CVE-2025-55680
cldflt.sys -- TOCTOU race condition allows elevation of privilege
Summary
| Field | Value |
|---|---|
| Driver | cldflt.sys |
| Vulnerability Class | Race Condition / TOCTOU |
| CVSS | 7.0 |
| Exploited ITW | No |
| Patch Date | October 14, 2025 |
Root Cause
The Cloud Files Mini Filter driver (cldflt.sys) manages synchronization between local files and cloud storage providers like OneDrive and SharePoint. It intercepts file system operations to determine whether a file needs to be hydrated (downloaded from the cloud) or dehydrated (released back to placeholder state).
The vulnerability is a time-of-check-to-time-of-use (TOCTOU) race. During cloud file sync operations, the driver validates a piece of data and then uses it in a subsequent operation. Between the validation and the use, the attacker modifies the data, causing the driver to operate on values that did not pass the validation check.
The TOCTOU window is inherent to the driver's architecture: it must check properties of file operations and then act on them, and the file system allows concurrent modifications from other threads during that gap. The specific data being modified between check and use is related to file metadata or buffer descriptors in the sync path.
Security Online published an analysis detailing how the race manifests in the cloud file synchronization workflow.
Exploitation
The attacker sets up a cloud file sync scenario and races a modification against the driver's validation check. This requires precise thread timing: one thread triggers the legitimate sync operation (causing the driver to validate the data), while a second thread modifies the data before the driver uses it.
When the race is won, the driver processes the modified (unvalidated) data, leading to kernel memory corruption. The corruption can be shaped through controlled modifications to achieve a write primitive, which the attacker uses for SYSTEM privilege escalation.

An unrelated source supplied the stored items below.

(* Every distinguished variety in $\mathbb G_n$ is polynomially convex.
   Context: $\mathbb G_n=\pi_n(\mathbb D^n)$, $\Gamma_n=\pi_n(\overline{\mathbb D}^n)$, $b\Gamma_n=\pi_n(\mathbb T^n)$, where $\pi_n(z)=(e_1(z),\dots,e_{n-1}(z),z_1\cdots z_n)$ with $e_k$ the elementary symmetric polynomials. A distinguished variety in $\mathbb G_n$ is a set $\Lambda=V\cap\mathbb G_n$, $V$ the common zero set of some set of polynomials, such that $\overline{\Lambda}\cap\partial\Gamma_n=\overline{\Lambda}\cap b\Gamma_n$. *)

theory Defs
  imports "HOL-Analysis.Analysis"
begin

text \<open>Points of C^n are represented as functions nat => complex vanishing at indices >= n
  (coordinates z 0, ..., z (n-1)). The product topology on nat => complex restricted to this
  set is the Euclidean topology of C^n.\<close>

definition Cn :: "nat \<Rightarrow> (nat \<Rightarrow> complex) set" where
  "Cn n = {z. \<forall>i\<ge>n. z i = 0}"

inductive_set poly_fun :: "nat \<Rightarrow> ((nat \<Rightarrow> complex) \<Rightarrow> complex) set" for n :: nat where
  const: "(\<lambda>z. c) \<in> poly_fun n"
| coord: "i < n \<Longrightarrow> (\<lambda>z. z i) \<in> poly_fun n"
| add: "p \<in> poly_fun n \<Longrightarrow> q \<in> poly_fun n \<Longrightarrow> (\<lambda>z. p z + q z) \<in> poly_fun n"
| mult: "p \<in> poly_fun n \<Longrightarrow> q \<in> poly_fun n \<Longrightarrow> (\<lambda>z. p z * q z) \<in> poly_fun n"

The CVSS score of 7.0 reflects the race condition's requirement for precise timing, making exploitation less reliable than deterministic bugs.
sequenceDiagram
participant T1 as Thread A (Sync)
participant D as cldflt.sys
participant T2 as Thread B (Modify)
T1->>D: Initiate cloud file sync
D->>D: Validate metadata (PASSES)
T2->>D: Modify metadata (between check and use)

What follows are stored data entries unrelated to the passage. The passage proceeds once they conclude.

text \<open>A lattice isomorphism between a filter and a subset of another lattice is also an
  order isomorphism: \<open>a \<le> a'\<close> iff \<open>a'\<close> is the join of \<open>a\<close> and \<open>a'\<close>, and joins of
  elements of a filter stay in the filter.\<close>
lemma lattice_iso_on_le_iff:
  assumes "lattice_on A le" "lattice_on B leB" "lfilter A le D" "R \<subseteq> B"
    and iso: "lattice_iso_on A le B leB D R f" and a: "a \<in> D" "a' \<in> D"
  shows "leB (f a) (f a') \<longleftrightarrow> le a a'"
proof -
  have DA: "D \<subseteq> A" and up: "\<forall>a\<in>D. \<forall>b\<in>A. le a b \<longrightarrow> b \<in> D"
    using assms(3) unfolding lfilter_def by blast+
  have inj: "inj_on f D" and fR: "f ` D \<subseteq> B"
    and join: "\<forall>a\<in>D. \<forall>b\<in>D. \<forall>c\<in>D. is_lub A le a b c \<longrightarrow> is_lub B leB (f a) (f b) (f c)"
    using iso assms(4) unfolding lattice_iso_on_def bij_betw_def by blast+
  have reflA: "\<forall>a\<in>A. le a a" and lubA: "\<forall>a\<in>A. \<forall>b\<in>A. \<exists>c. is_lub A le a b c"
    using assms(1) unfolding lattice_on_def by blast+
  have reflB: "\<forall>a\<in>B. leB a a" and antisymB: "\<forall>a\<in>B. \<forall>b\<in>B. leB a b \<and> leB b a \<longrightarrow> a = b"
    using assms(2) unfolding lattice_on_def by blast+
  show ?thesis
  proof
    assume "le a a'"
    then have "is_lub A le a a' a'" unfolding is_lub_def using reflA DA a by auto
    then have "is_lub B leB (f a) (f a') (f a')" using join a by blast
    then show "leB (f a) (f a')" unfolding is_lub_def by auto
  next
    assume h: "leB (f a) (f a')"
    obtain c where c: "is_lub A le a a' c" using lubA DA a by blast
    have cD: "c \<in> D" using c up a unfolding is_lub_def by auto
    have "is_lub B leB (f a) (f a') (f c)" using join c cD a by blast
    moreover have "is_lub B leB (f a) (f a') (f a')" unfolding is_lub_def using h fR a reflB by auto
    ultimately have "f c = f a'" using antisymB unfolding is_lub_def by blast
    then have "c = a'" using inj cD a unfolding inj_on_def by blast
    then show "le a a'" using c unfolding is_lub_def by auto
  qed
qed

locale disjoint_connected_system =
  fixes L :: "'s::lattice \<Rightarrow> 'a set"
    and le :: "'s \<Rightarrow> 'a \<Rightarrow> 'a \<Rightarrow> bool"
    and \<phi> :: "'s \<Rightarrow> 's \<Rightarrow> 'a \<rightharpoonup> 'a"
  assumes connected: "connected_system L le \<phi>"
    and disjoint: "\<forall>x y. x \<noteq> y \<longrightarrow> L x \<inter> L y = {}"
begin

abbreviation sim :: "('a \<times> 'a) set" where "sim \<equiv> simrel L \<phi>"
abbreviation \<pi> :: "'a \<Rightarrow> 'a set" where "\<pi> \<equiv> proj sim"

lemma fin_length_lattice_L: "fin_length_lattice (L x) (le x)"
  using connected unfolding connected_system_def by (elim conjE) blast

lemma lattice_on_L: "lattice_on (L x) (le x)"
  using fin_length_lattice_L unfolding fin_length_lattice_def by blast

lemma dom_phi_subset: "x \<le> y \<Longrightarrow> dom (\<phi> y x) \<subseteq> L x"
  using connected unfolding connected_system_def by (elim conjE) blast

lemma ran_phi_subset: "x \<le> y \<Longrightarrow> ran (\<phi> y x) \<subseteq> L y"
  using connected unfolding connected_system_def by (elim conjE) blast

lemma phi_Some_in: "x \<le> y \<Longrightarrow> \<phi> y x a = Some c \<Longrightarrow> a \<in> L x \<and> c \<in> L y"
  using dom_phi_subset ran_phi_subset by (blast intro: ranI)

lemma phi_Some_inj: "x \<le> y \<Longrightarrow> \<phi> y x a = Some c \<Longrightarrow> \<phi> y x a' = Some c \<Longrightarrow> a = a'"
  using connected unfolding connected_system_def inj_on_def by (elim conjE) (metis domI)

lemma phi_filter_ideal_iso:
  assumes "x \<le> y" "dom (\<phi> y x) \<noteq> {}"
  shows "lfilter (L x) (le x) (dom (\<phi> y x))" "lideal (L y) (le y) (ran (\<phi> y x))"
    "lattice_iso_on (L x) (le x) (L y) (le y) (dom (\<phi> y x)) (ran (\<phi> y x)) (\<lambda>a. the (\<phi> y x a))"
  using assms connected unfolding connected_system_def by (elim conjE, blast)+

lemma phi_refl: "\<phi> x x a = (if a \<in> L x then Some a else None)"
  using connected unfolding connected_system_def by (elim conjE) metis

D->>D: Use modified metadata (SKIPS validation)
Note over D: Kernel memory corruptionExploitation Primitive
Cloud file sync operation -> cldflt.sys validates data
-> attacker modifies data between check and use
-> driver uses unvalidated data -> kernel memory corruption -> SYSTEM
Broader Significance
cldflt.sys has become a recurring entry in KernelSight, appearing in CVE-2023-36036, CVE-2024-30085, CVE-2024-49114, and now CVE-2025-55680 (with CVE-2025-62221 following in December 2025). The driver's position as a minifilter that intercepts file system operations and manages complex synchronization state makes it a natural source of concurrency bugs. As cloud file synchronization becomes ubiquitous in enterprise environments, this attack surface is present on virtually every domain-joined Windows workstation.